73 thoughts on “Spillyear 1987

  1. Three from me, surprisingly Smiths-free:

    1. REM – It’s The End Of The World As We Know It
    2. The Go-Betweens – Bye Bye Pride
    3. 10,000 Maniacs – Verdi Cries

  2. I’ve gone for three lesser lights in the post-C86 genre (hey – I’ve just invented a genre!).

    1. Blue Train – Wheels Go Round
    2. The Railway Children – Brighter
    3. Metro Trinity – Spend My Whole Life Loving You

  3. Awful year

    1) Death of a Disco Dancer – The Smiths
    2) Let the Music Use You – Night Writers
    3) Never Gonna Give You Up – Rick Astley

  4. I don’t remember it being a great year, to be honest.

    I think I will go for;

    PrinceSign o’ the Times
    The Grateful DeadTouch Of Grey
    REMFinest Worksong

    There were a few others I could have chosen, but these were things I was definitely playing a lot in 87.

  5. Great year, i’m spoiled rotten for choice.

    GnR – Welcome to the Jungle
    Prince – Sign O the Times or Housequake
    U2 – With or Without You
    Cure – Just Like Heaven, because i doubt i’ll find Prince on youtube.

    Too Many Smiths tunes to pick from
    Dond for REM, and i’d probably go Finest Worksong.

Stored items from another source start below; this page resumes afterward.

lemma ln_primorial_lb_witness_large:
  assumes "17 \<le> k"
  shows "\<exists>l. exp 1 \<le> l \<and> l \<le> ln (real (primorial_lb k)) \<and> real k * ln 2 < 0.96 * (l / ln l)"
proof (intro exI conjI)
  have k: "17 \<le> real k"
    using assms by simp
  have "exp 1 \<le> real k"
    using e_less_272 k by linarith
  then have lnk: "1 \<le> ln (real k)"
    using k by (subst ln_ge_iff) auto
  moreover have "real k \<le> real k * ln (real k)"
    using lnk k by (simp add: mult_le_cancel_left1)
  ultimately show "exp 1 \<le> real k * ln (real k)"
    using \<open>exp 1 \<le> real k\<close> by linarith
  have "real k * ln (real k) = ln (real (k ^ k))"
    by (simp add: ln_realpow)
  also have "\<dots> \<le> ln (real (primorial_lb k))"
    using pow_self_le_primorial_lb[OF assms] assms
    by (intro ln_mono) (simp only: of_nat_le_iff, simp)
  finally show "real k * ln (real k) \<le> ln (real (primorial_lb k))" .
  have "ln (real k * ln (real k)) = ln (real k) + ln (ln (real k))"
    using k lnk by (simp add: ln_mult)
  also have "ln (ln (real k)) \<le> ln (real k) / exp 1"
    by (rule ln_le_div_exp1) (use lnk in linarith)
  also have "\<dots> \<le> ln (real k) / 2.7"
    using exp1_ge_2_7 lnk by (intro divide_left_mono) auto
  finally have "ln (real k * ln (real k)) \<le> ln (real k) * (1 + 1 / 2.7)"
    by (simp add: algebra_simps)
  moreover have pos: "0 < ln (real k * ln (real k))"
    using \<open>real k \<le> real k * ln (real k)\<close> k by (intro ln_gt_zero) linarith
  ultimately have "ln 2 * ln (real k * ln (real k)) \<le> 0.69316 * (ln (real k) * (1 + 1 / 2.7))"
    using ln2_bounds(2) by (intro mult_mono) auto
  also have "\<dots> < 0.96 * ln (real k)"
    using lnk by (simp add: field_simps)
  finally have "real k * (ln 2 * ln (real k * ln (real k))) < real k * (0.96 * ln (real k))"
    using k by simp
  then show "real k * ln 2 < 0.96 * (real k * ln (real k) / ln (real k * ln (real k)))"
    using pos by (simp add: field_simps)
qed

lemma ln_primorial_lb_witness:
  assumes "4 \<le> k"
  shows "\<exists>l. exp 1 \<le> l \<and> l \<le> ln (real (primorial_lb k)) \<and> real k * ln 2 < 0.96 * (l / ln l)"
  using ln_primorial_lb_witness_mid[OF assms] ln_primorial_lb_witness_large
  by (cases "k \<le> 16") auto

lemma ln2_mult_less_of_primorial_lb_le:
  fixes t :: real
  assumes "1 < ln t" "real (primorial_lb k) \<le> t"
  shows "real k * ln 2 < 0.96 * (ln t / ln (ln t))"
proof (cases "k \<le> 3")
  case True
  then have "real k * ln 2 \<le> 3 * 0.69316"
    using ln2_bounds by (intro mult_mono) auto
  also have "\<dots> < 0.96 * exp 1"
    using exp1_ge_2_7 by simp
  also have "\<dots> \<le> 0.96 * (ln t / ln (ln t))"
    using exp1_le_div_ln[OF assms(1)] by simp
  finally show ?thesis .
next
  case False
  then obtain l where l: "exp 1 \<le> l" "l \<le> ln (real (primorial_lb k))"
    "real k * ln 2 < 0.96 * (l / ln l)"
    using ln_primorial_lb_witness[of k] by auto
  have "ln (real (primorial_lb k)) \<le> ln t"
    using assms(2) primorial_lb_pos[of k] by (intro ln_mono) auto
  then have "l / ln l \<le> ln t / ln (ln t)"
    using l(2) by (intro div_ln_mono[OF l(1)]) linarith
  then have "0.96 * (l / ln l) \<le> 0.96 * (ln t / ln (ln t))"
    by simp
  with l(3) show ?thesis
    by linarith
qed

theorem lemma2p4:
  fixes t :: nat
  assumes "t \<ge> 3"
  shows "real (W (t - 1)) < real t powr (0.96 / ln (ln (real t)))"
proof -
  define k where "k = card (prime_factors (t - 1))"
  have "ln 3 \<le> ln (real t)"
    using assms by (intro ln_mono) auto
  then have "1 < ln (real t)"
    using ln3_gt_1 by linarith
  moreover have "primorial_lb k \<le> t"
    using primorial_lb_le_prime_factors[of "t - 1"] assms unfolding k_def by simp
  ultimately have "real k * ln 2 < 0.96 * (ln t / ln (ln t))"
    by (intro ln2_mult_less_of_primorial_lb_le) simp_all
  moreover have "0 < real t"
    using assms by simp
  ultimately have "2 ^ k < real t powr (0.96 / ln (ln (real t)))"
    by (simp only: two_pow_less_powr_iff)
  moreover have "W (t - 1) \<le> 2 ^ k"
    using W_le_two_pow_card_prime_factors[of "t - 1"] assms unfolding k_def by simp
  then have "real (W (t - 1)) \<le> 2 ^ k"
    by (metis of_nat_le_iff of_nat_numeral of_nat_power)
  ultimately show ?thesis
    by linarith
qed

We played that album to death.
    George Michael
    Terence Trent D’Arby
    Brucie’s Tunnel of Love album
    Husker Du Warehouse, which i wasn’t listening to at the time.

      • I loved this year, right up my alley. GnR slayed the hair metal dragon with one song, Prince finally embraced the funk and slayed all pretenders, best hip hop group ever released their debut (i didn’t get there till next album though), and some of the most gorgeous pop ever produced.

        (Afraid i’m not really with you on the power ballads though, except for Heart.)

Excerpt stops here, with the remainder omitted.